------ Data to examine ------

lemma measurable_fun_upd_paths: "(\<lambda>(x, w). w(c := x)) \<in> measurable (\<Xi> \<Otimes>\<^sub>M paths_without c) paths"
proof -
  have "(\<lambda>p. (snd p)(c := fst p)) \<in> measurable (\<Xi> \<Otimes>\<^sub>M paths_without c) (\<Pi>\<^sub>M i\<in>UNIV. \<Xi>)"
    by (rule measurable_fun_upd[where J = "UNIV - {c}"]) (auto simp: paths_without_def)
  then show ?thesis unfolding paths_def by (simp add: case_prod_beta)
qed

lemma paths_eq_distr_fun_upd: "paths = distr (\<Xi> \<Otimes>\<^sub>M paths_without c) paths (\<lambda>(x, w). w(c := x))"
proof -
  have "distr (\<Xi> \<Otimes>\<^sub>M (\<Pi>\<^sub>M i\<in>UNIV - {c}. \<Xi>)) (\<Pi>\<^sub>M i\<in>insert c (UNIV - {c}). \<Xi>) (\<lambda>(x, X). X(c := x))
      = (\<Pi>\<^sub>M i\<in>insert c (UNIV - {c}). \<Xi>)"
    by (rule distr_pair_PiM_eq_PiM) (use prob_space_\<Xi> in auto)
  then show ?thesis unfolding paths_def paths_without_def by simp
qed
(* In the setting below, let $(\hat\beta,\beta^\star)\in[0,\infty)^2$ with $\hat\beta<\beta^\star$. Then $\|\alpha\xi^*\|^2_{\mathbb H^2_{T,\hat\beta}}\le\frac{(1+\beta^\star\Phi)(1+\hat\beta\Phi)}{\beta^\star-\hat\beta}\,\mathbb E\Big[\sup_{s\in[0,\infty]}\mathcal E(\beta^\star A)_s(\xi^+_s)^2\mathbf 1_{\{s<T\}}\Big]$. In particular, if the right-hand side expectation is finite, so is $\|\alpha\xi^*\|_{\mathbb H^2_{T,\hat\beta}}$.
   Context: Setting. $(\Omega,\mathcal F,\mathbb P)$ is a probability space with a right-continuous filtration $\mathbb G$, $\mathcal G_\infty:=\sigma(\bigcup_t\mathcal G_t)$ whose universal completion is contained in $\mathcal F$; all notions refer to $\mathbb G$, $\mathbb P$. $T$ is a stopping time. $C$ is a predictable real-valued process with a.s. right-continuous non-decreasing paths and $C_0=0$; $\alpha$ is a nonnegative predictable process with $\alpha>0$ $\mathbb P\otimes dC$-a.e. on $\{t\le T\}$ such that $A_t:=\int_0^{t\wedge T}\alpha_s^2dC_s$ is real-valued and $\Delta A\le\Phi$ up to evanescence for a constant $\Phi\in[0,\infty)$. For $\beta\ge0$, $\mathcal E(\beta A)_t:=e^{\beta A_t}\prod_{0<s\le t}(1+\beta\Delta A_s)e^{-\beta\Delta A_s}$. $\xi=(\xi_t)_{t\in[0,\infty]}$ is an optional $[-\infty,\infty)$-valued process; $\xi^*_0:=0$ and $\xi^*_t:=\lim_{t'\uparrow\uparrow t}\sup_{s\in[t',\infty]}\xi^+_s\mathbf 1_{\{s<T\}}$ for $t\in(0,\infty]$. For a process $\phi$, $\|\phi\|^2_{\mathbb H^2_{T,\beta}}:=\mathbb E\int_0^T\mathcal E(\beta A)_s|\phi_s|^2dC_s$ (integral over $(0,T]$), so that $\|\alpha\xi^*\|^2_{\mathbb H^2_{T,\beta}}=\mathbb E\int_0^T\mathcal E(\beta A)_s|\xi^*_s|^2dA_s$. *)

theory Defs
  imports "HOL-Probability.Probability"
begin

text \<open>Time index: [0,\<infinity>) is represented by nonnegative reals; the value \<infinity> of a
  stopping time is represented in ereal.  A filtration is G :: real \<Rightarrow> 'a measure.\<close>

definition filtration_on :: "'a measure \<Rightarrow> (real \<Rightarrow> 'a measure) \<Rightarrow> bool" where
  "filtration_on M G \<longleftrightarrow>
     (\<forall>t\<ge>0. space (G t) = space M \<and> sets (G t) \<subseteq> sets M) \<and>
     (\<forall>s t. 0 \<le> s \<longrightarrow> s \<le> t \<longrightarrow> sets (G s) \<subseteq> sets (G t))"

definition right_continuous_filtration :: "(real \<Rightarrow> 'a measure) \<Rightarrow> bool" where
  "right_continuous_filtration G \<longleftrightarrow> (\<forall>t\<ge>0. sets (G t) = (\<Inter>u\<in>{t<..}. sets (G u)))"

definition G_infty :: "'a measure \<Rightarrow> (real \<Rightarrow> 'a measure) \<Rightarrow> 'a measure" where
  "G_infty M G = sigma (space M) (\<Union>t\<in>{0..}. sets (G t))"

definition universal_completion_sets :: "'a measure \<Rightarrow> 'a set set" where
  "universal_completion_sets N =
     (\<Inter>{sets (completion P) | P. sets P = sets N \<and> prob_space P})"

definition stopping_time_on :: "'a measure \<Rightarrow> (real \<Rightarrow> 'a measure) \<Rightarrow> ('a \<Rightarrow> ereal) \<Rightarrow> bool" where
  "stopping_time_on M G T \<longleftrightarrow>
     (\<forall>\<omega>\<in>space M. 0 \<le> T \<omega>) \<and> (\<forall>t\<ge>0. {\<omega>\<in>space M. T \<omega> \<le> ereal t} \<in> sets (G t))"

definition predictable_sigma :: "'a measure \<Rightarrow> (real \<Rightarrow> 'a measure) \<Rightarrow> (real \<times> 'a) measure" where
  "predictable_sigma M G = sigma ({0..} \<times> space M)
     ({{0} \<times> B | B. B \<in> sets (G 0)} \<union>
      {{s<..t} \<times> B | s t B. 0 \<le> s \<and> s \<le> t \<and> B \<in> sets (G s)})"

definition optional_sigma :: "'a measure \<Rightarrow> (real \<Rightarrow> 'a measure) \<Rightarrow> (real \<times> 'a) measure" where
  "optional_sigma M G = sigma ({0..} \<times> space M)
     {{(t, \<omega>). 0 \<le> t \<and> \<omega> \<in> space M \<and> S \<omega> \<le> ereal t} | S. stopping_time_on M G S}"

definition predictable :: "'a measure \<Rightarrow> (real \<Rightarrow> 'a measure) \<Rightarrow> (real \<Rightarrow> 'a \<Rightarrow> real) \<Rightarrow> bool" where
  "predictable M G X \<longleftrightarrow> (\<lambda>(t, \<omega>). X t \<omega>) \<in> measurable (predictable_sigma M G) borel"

------

§ **Required work**
Above are lines of data; count those that hold "forall" and answer with the number only.

§ **Answer to this task**
4